Does
Ted really belong on an animation blog? It’s a live-action film with its
eponymous character animated. That means it actually contains a relatively
small amount of animation. Why include this, but not the Star Wars prequels,
which have CG-animated elements in almost every shot, or The Return of the
King, with Gollum such a major part and plenty of other CG characters? Yet
I have already included Who Framed Roger Rabbit? and plan to eventually
include classic Tom & Jerry ‘animations’ like Anchors Aweigh.
But those are presented as animated characters existing in a live-action world,
as a story element or a gimmick, while Ted is more of an attempt to have its
animated character appear as part of the live-action world, similar to the Lord
of the Rings and Star Wars usages of CG. But the main difference
I’ve fixed on is that this is contextually in the framework of a creator known
for his animation – Seth MacFarlane. That’s why it’s on my animation blog.
Not
that you’ll find any other MacFarlane works here. I’ve seen a lot of Family
Guy, a fair bit of American Dad and a few episodes of The
Cleveland Show too. But I only like to blog things I’ve completed, and
it’ll probably be a very long time before I watch an entire season of any of
those shows, for despite the wild popularity of Family Guy amongst my
friends while I was at uni, I’ve never liked it much. I don’t like MacFarlane’s
humour or sense of timing. I find all of the shows somewhat like a bitchy,
aloof Perez Hilton type looking at pop culture and American society and rolling
their eyes, making little sniping comments, and it gets on my nerves. I don’t
like the riffing-on-a-single-line-with-whole-scenes humour South Park picked
up on. I don’t like the reliance on stereotypes and gross-out humour, which
needs the cheeky Pythonesque modesty to work without coming over as vicious.

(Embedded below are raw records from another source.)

lemma rho_ss_has_derivative_in_noise:
  fixes L :: "real^'n::finite^'n" and B :: "real^'k::finite^'n"
  assumes sym: "transpose L = L" and pos: "\<forall>j. \<sigma> j > 0"
  shows "\<exists>D. ((\<lambda>t. rho_ss 0 L B (\<sigma>(k:=t))) has_real_derivative D) (at (\<sigma> k))"
proof -
  define h where "h = column_energy L B"
  define F where "F = (\<lambda>\<omega>. \<Sum>j\<in>UNIV. \<sigma> j * h j \<omega>)"
  have [measurable]: "h j \<in> borel_measurable borel" for j
    unfolding h_def by (rule column_energy_borel_measurable[OF sym])
  have h_nonneg: "0 \<le> h j \<omega>" for j \<omega> unfolding h_def by (rule column_energy_nonneg)
  have "\<sigma> k * h k \<omega> \<le> F \<omega>" for \<omega>
    unfolding F_def using pos h_nonneg
    by (intro member_le_sum) (auto intro: mult_nonneg_nonneg less_imp_le)
  then obtain D where D: "((\<lambda>t. LINT \<omega>|lborel. F \<omega> + (t - \<sigma> k) * h k \<omega>) has_real_derivative D) (at (\<sigma> k))"
    using integral_affine_family_has_derivative[of F lborel "h k" "\<sigma> k"] pos h_nonneg
    unfolding F_def by auto
  have "rho_ss 0 L B (\<sigma>(k:=t)) = (1/(2*pi)) * (LINT \<omega>|lborel. F \<omega> + (t - \<sigma> k) * h k \<omega>)" if "t > 0" for t
  proof -
    have "(\<Sum>j\<in>UNIV. \<bar>(\<sigma>(k:=t)) j\<bar> * h j \<omega>) = F \<omega> + (t - \<sigma> k) * h k \<omega>" for \<omega>
    proof -
      have "(\<Sum>j\<in>UNIV. \<bar>(\<sigma>(k:=t)) j\<bar> * h j \<omega>)
            = (\<Sum>j\<in>UNIV. \<sigma> j * h j \<omega> + (if j = k then (t - \<sigma> k) * h k \<omega> else 0))"
        using that pos by (intro sum.cong) (auto simp: algebra_simps abs_of_pos)
      then show ?thesis unfolding F_def by (simp add: sum.distrib)
    qed
    then show ?thesis unfolding rho_ss_delay_free h_def by simp
  qed
  then have "((\<lambda>t. rho_ss 0 L B (\<sigma>(k:=t))) has_real_derivative (1/(2*pi)) * D) (at (\<sigma> k))"
    by (intro has_field_derivative_transform_within_open[OF DERIV_cmult[OF D], of "{0<..}"])
       (use pos in auto)
  then show ?thesis by blast
qed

And without characters I care about in the least, it all becomes dull.
So
I expected to really dislike Ted, which seemed to be a surreal cartoon plot put
on the big screen with Marky Mark playing the same role he always plays these
days. So I was happily surprised to find I really enjoyed it. After an awkward
start right out of Family Guy pastiching 80s movies, in which the
punchline is that even the Jewish kid everyone beats up at Christmas bullies
main character John – while getting beaten up – it all gets quite likeable. The
outline is such a familiar rom-com storyline that it’s a little awkward – a
beautiful, successful woman has a boyfriend wasting his life, clinging on to
his childhood and continually messing up social occasions by slipping off to
party, and needs to learn to grow up and stop being selfish while not losing
the boyish charm that makes him so sweet in the first place – while the girl
needs to learn not to force him to be a different person altogether.
The
unique element, of course, is Ted himself, a magical bear brought to life in a
Christmas story. This central idea is quite a funny one – what happens when the
boy in the cheesy Christmas story grows up and needs to lead a real life with
the magical bear who is his best friend forever and ever? Especially when the
bear, who had a brush with celebrity, has grown up too, and is a disgusting
sex-obsessed stoner?
The
film succeeds on three counts: firstly, it doesn’t make its rom-com structure the
figure of mockery. What would have killed this for me would be it to be wryly
poking fun at the tropes it’s relying on – it takes its love story seriously
and thus, while unoriginal, it works. Secondly, it’s genuinely funny – the
jokes are hit-and-miss and sometimes go too far, but by and large it’s
extremely funny, especially with its early-80s nostalgia, particularly where it
comes to Flash Gordon. It also relies on its animation heritage in some silly
little side-jokes that seem surprising stylistically outside of animation, like
the final punchline about the fat kid growing up, or the only fart joke in the
film that shouldn’t have been cut, where three diners have an extreme reaction
to it. Sometimes there are awkward moments where a random side-reference is put
in (like the one to The Wall) where if you get it, you have a little
chuckle, but in the cinema at least become quite aware that a lot of people
around you didn’t understand and are just a bit confused and uncomfortable, but
at least MacFarlane doesn’t string out these asides into painful sketches, and
they’re kept tastefully-timed. Finally, it succeeds in actually presenting an
interesting dilemma by showing both sides of John’s life as appealing. The
‘grown-up’ side may have been a little dull and passionless in a social sense,
but it involved a sweet love life, money and a future. The ‘kid’ side was
self-destructive, idiotic and led to a miserable dead-end single life, but the
parties were amazing and the seize-the-day mentality led to great experiences.
The balance was surprisingly deftly-woven, and made John very sympathetic.
It
wasn’t perfect, and its flaws were large and obvious, but Ted was at the
very least much funnier and much more heartfelt than I had expected, so ranks
as one of the better cinema surprises of the past few years.